Science and the Supernatural in H. Rider Haggard’s The Days of My Life and She.
Abstract
Avenging ghosts, a near-immortal woman who claims to possess lost scientific knowledge, and mummies awaiting reincarnation assume a prominent position in H. Rider Haggard’s novel, She: A History of Adventure (1886/87). But how do we read the mummies or the near-immortal Ayesha’s Eastern “scientific” knowledge that appears more akin to sorcery than science? A strategic reading of She with an eye on Haggard’s autobiography, The Days of My Life (1925), yields intriguing insights into the author’s fascination and fear of the occult, which he sought to reconcile with prevailing scientific thought. These ideas reverberate through the mummies and Ayesha, expressing Haggard’s unique and syncretic understanding of reincarnation that accords with contemporaneous shifts in scientifically informed religious ideologies.
Haggard’s interest in connecting religious concepts to evolution, scientific materialism,4 and the nascent field of psychology adumbrates cultural shifts occurring at the fin de siècle as Christian theological positions on death and the afterlife were reimagined.
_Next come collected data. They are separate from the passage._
text \<open>Read the sequent calculus in the Kripke model whose worlds are programs ordered by
  inclusion, whose individuals are terms, and in which an atom holds at \<open>P\<close> iff it executes
  from \<open>P\<close>. Every rule is valid there, every clause of \<open>P\<close> is forced at \<open>P\<close>, and every goal
  forced at \<open>P\<close> executes from \<open>P\<close>; the last fact is proved by induction on the number of
  connectives, simultaneously with its dual: a clause that only backchains to atoms which
  already execute is forced. Conversely, every execution step is mirrored by a derivation
  step, the banged program being duplicated by contraction wherever execution uses it twice.\<close>

primrec inst_trm :: "(nat \<Rightarrow> 'f trm) \<Rightarrow> 'f trm \<Rightarrow> 'f trm" where
  "inst_trm r (V i) = r i"
| "inst_trm r (Fn f ts) = Fn f (map (inst_trm r) ts)"

primrec inst_atm :: "(nat \<Rightarrow> 'f trm) \<Rightarrow> ('f,'p) atm \<Rightarrow> ('f,'p) atm" where
  "inst_atm r (Atm p ts) = Atm p (map (inst_trm r) ts)"

lemma inst_trm_liftT: "inst_trm r (liftT k s) = inst_trm (\<lambda>i. if i < k then r i else r (Suc i)) s"
  by (induction s) auto

lemma inst_trm_substT:
  "inst_trm r (substT k t s) = inst_trm (\<lambda>i. if i < k then r i else if i = k then inst_trm r t else r (i - 1)) s"
  by (induction s) auto

lemma inst_trm_V [simp]: "inst_trm V s = s"
  by (induction s) (auto simp: map_idI)

lemma inst_atm_V [simp]: "inst_atm V a = a"
  by (cases a) (simp add: map_idI)

primrec forces :: "('f,'p) prog set \<Rightarrow> (nat \<Rightarrow> 'f trm) \<Rightarrow> ('f,'p) lform \<Rightarrow> bool" where
  "forces P r (LAtom a) = ex P (GAtom (inst_atm r a))"
| "forces P r LOne = True"
| "forces P r LTop = True"
| "forces P r LZero = False"
| "forces P r (LTensor A B) = (forces P r A \<and> forces P r B)"
| "forces P r (LWith A B) = (forces P r A \<and> forces P r B)"
| "forces P r (LPlus A B) = (forces P r A \<or> forces P r B)"
| "forces P r (LLolli A B) = (\<forall>Q. P \<subseteq> Q \<longrightarrow> forces Q r A \<longrightarrow> forces Q r B)"
| "forces P r (LBang A) = forces P r A"
| "forces P r (LAll A) = (\<forall>t. forces P (case_nat t r) A)"
| "forces P r (LEx A) = (\<exists>t. forces P (case_nat t r) A)"

lemma forces_liftL: "forces P r (liftL k A) = forces P (\<lambda>i. if i < k then r i else r (Suc i)) A"
proof (induction A arbitrary: P r k)
  case (LAtom a)
  then show ?case by (cases a) (simp add: inst_trm_liftT comp_def)
next
  case (LAll A)
  have "case_nat t (\<lambda>i. if i < k then r i else r (Suc i))
      = (\<lambda>i. if i < Suc k then case_nat t r i else case_nat t r (Suc i))" for t
    by (rule ext) (simp split: nat.split)
  with LAll show ?case by simp
next
  case (LEx A)
  have "case_nat t (\<lambda>i. if i < k then r i else r (Suc i))
      = (\<lambda>i. if i < Suc k then case_nat t r i else case_nat t r (Suc i))" for t
    by (rule ext) (simp split: nat.split)
  with LEx show ?case by simp
qed auto

lemma forces_substL:
  "forces P r (substL k t A)
    = forces P (\<lambda>i. if i < k then r i else if i = k then inst_trm r t else r (i - 1)) A"
proof (induction A arbitrary: P r k t)
  case (LAtom a)
  then show ?case by (cases a) (simp add: inst_trm_substT comp_def)
next
  case (LAll A)
  have "(\<lambda>i. if i < Suc k then case_nat u r i else if i = Suc k then inst_trm (case_nat u r) (liftT 0 t)
           else case_nat u r (i - 1))
      = case_nat u (\<lambda>i. if i < k then r i else if i = k then inst_trm r t else r (i - 1))" for u
    by (rule ext) (auto simp: inst_trm_liftT split: nat.split)
  with LAll show ?case by simp
next
  case (LEx A)
  have "(\<lambda>i. if i < Suc k then case_nat u r i else if i = Suc k then inst_trm (case_nat u r) (liftT 0 t)
           else case_nat u r (i - 1))
      = case_nat u (\<lambda>i. if i < k then r i else if i = k then inst_trm r t else r (i - 1))" for u
    by (rule ext) (auto simp: inst_trm_liftT split: nat.split)
  with LEx show ?case by simp
qed auto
The cultural contest between Eastern and Western knowledge emerges when examining how Haggard draws on ancient and modern Eastern religious concepts, new Western scientific theories, and particularly through his grudging acknowledgement that some Eastern thought was valid. Both texts intervene in the contemporaneous discourse on the tenuous distinction between Eastern and Western knowledge and “legitimate science” and “pseudo-science” that was liberally deployed to explain death, immortality, the subconscious mind, and past-life memories.